══ PROVIDED ENTRIES ══

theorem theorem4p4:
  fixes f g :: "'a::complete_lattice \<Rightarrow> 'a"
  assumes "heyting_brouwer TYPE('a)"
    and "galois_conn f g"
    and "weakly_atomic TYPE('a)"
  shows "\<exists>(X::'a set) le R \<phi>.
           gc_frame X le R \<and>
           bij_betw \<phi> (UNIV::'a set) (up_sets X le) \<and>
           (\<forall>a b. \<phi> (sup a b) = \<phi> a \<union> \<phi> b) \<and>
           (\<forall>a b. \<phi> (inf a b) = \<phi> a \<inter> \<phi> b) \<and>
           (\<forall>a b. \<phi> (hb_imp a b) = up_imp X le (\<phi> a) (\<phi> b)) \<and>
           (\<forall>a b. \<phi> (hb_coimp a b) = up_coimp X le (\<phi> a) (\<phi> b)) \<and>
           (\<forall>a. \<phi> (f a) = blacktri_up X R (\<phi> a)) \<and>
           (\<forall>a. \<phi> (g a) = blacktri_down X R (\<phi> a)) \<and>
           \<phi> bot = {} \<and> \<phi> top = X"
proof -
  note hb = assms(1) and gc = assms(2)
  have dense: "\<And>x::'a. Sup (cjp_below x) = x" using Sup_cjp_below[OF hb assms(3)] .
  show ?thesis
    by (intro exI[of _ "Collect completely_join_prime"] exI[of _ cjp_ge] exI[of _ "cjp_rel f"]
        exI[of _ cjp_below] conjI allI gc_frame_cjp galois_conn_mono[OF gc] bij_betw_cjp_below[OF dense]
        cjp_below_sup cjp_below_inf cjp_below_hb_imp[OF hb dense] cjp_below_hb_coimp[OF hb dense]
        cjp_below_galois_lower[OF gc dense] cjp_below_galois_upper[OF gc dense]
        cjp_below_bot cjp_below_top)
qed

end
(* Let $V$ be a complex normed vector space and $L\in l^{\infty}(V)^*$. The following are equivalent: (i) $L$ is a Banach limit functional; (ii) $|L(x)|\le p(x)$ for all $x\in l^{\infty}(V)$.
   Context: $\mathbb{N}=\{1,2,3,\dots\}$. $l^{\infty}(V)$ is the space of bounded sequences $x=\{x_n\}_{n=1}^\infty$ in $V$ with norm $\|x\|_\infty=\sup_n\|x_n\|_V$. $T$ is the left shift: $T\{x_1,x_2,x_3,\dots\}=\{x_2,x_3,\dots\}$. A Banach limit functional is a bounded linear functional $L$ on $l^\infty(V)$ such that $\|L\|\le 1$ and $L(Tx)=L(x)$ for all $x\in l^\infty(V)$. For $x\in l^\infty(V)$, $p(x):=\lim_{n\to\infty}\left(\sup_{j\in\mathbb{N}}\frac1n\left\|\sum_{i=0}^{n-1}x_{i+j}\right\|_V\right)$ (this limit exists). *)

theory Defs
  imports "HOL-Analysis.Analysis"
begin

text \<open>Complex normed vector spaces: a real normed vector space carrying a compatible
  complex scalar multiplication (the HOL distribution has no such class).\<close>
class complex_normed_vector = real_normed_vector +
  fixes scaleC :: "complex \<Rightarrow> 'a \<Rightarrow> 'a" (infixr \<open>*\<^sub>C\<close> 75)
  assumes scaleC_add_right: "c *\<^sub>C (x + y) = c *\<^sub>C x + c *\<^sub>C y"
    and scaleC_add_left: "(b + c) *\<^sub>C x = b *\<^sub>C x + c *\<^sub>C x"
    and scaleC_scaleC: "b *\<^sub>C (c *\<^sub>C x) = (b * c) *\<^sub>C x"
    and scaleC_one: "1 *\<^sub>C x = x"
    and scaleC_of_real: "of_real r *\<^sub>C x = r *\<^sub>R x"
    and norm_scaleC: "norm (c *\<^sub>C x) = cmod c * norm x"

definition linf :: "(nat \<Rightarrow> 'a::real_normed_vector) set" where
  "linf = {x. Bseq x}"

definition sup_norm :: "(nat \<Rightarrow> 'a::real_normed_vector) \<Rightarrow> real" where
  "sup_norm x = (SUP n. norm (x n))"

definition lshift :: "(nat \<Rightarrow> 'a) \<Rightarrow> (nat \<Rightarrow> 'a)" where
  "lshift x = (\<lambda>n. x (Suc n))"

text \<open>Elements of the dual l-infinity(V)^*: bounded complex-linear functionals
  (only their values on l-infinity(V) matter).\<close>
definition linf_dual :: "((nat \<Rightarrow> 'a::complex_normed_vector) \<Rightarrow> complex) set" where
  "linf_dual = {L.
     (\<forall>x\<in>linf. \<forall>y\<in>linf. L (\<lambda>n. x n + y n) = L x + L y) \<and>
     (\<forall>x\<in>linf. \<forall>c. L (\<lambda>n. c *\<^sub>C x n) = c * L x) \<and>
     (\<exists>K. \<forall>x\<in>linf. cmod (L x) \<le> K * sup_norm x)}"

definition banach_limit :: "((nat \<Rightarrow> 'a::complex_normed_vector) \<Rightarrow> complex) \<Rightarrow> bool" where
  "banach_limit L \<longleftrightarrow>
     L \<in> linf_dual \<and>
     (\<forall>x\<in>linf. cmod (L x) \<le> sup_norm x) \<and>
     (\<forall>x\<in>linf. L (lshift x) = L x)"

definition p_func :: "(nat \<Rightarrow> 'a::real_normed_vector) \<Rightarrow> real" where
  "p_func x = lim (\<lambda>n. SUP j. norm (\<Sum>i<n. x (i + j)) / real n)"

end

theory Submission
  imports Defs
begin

═══

Copy each line exactly, beginning at the one with "r *\<^sub>C x" and stopping after the last line of the entries. Include nothing else.

◆ **YOUR RESPONSE**:
    and scaleC_of_real: "of_real r *\<^sub>C x = r *\<^sub>R x"
    and norm_scaleC: "norm (c *\<^sub>C x) = cmod c * norm x"

definition linf :: "(nat \<Rightarrow> 'a::real_normed_vector) set" where
  "linf = {x. Bseq x}"

definition sup_norm :: "(nat \<Rightarrow> 'a::real_normed_vector) \<Rightarrow> real" where
  "sup_norm x = (SUP n. norm (x n))"

definition lshift :: "(nat \<Rightarrow> 'a) \<Rightarrow> (nat \<Rightarrow> 'a)" where
  "lshift x = (\<lambda>n. x (Suc n))"

text \<open>Elements of the dual l-infinity(V)^*: bounded complex-linear functionals
  (only their values on l-infinity(V) matter).\<close>
definition linf_dual :: "((nat \<Rightarrow> 'a::complex_normed_vector) \<Rightarrow> complex) set" where
  "linf_dual = {L.
     (\<forall>x\<in>linf. \<forall>y\<in>linf. L (\<lambda>n. x n + y n) = L x + L y) \<and>
     (\<forall>x\<in>linf. \<forall>c. L (\<lambda>n. c *\<^sub>C x n) = c * L x) \<and>
     (\<exists>K. \<forall>x\<in>linf. cmod (L x) \<le> K * sup_norm x)}"

definition banach_limit :: "((nat \<Rightarrow> 'a::complex_normed_vector) \<Rightarrow> complex) \<Rightarrow> bool" where
  "banach_limit L \<longleftrightarrow>
     L \<in> linf_dual \<and>
     (\<forall>x\<in>linf. cmod (L x) \<le> sup_norm x) \<and>
     (\<forall>x\<in>linf. L (lshift x) = L x)"

definition p_func :: "(nat \<Rightarrow> 'a::real_normed_vector) \<Rightarrow> real" where
  "p_func x = lim (\<lambda>n. SUP j. norm (\<Sum>i<n. x (i + j)) / real n)"

end

theory Submission
  imports Defs
begin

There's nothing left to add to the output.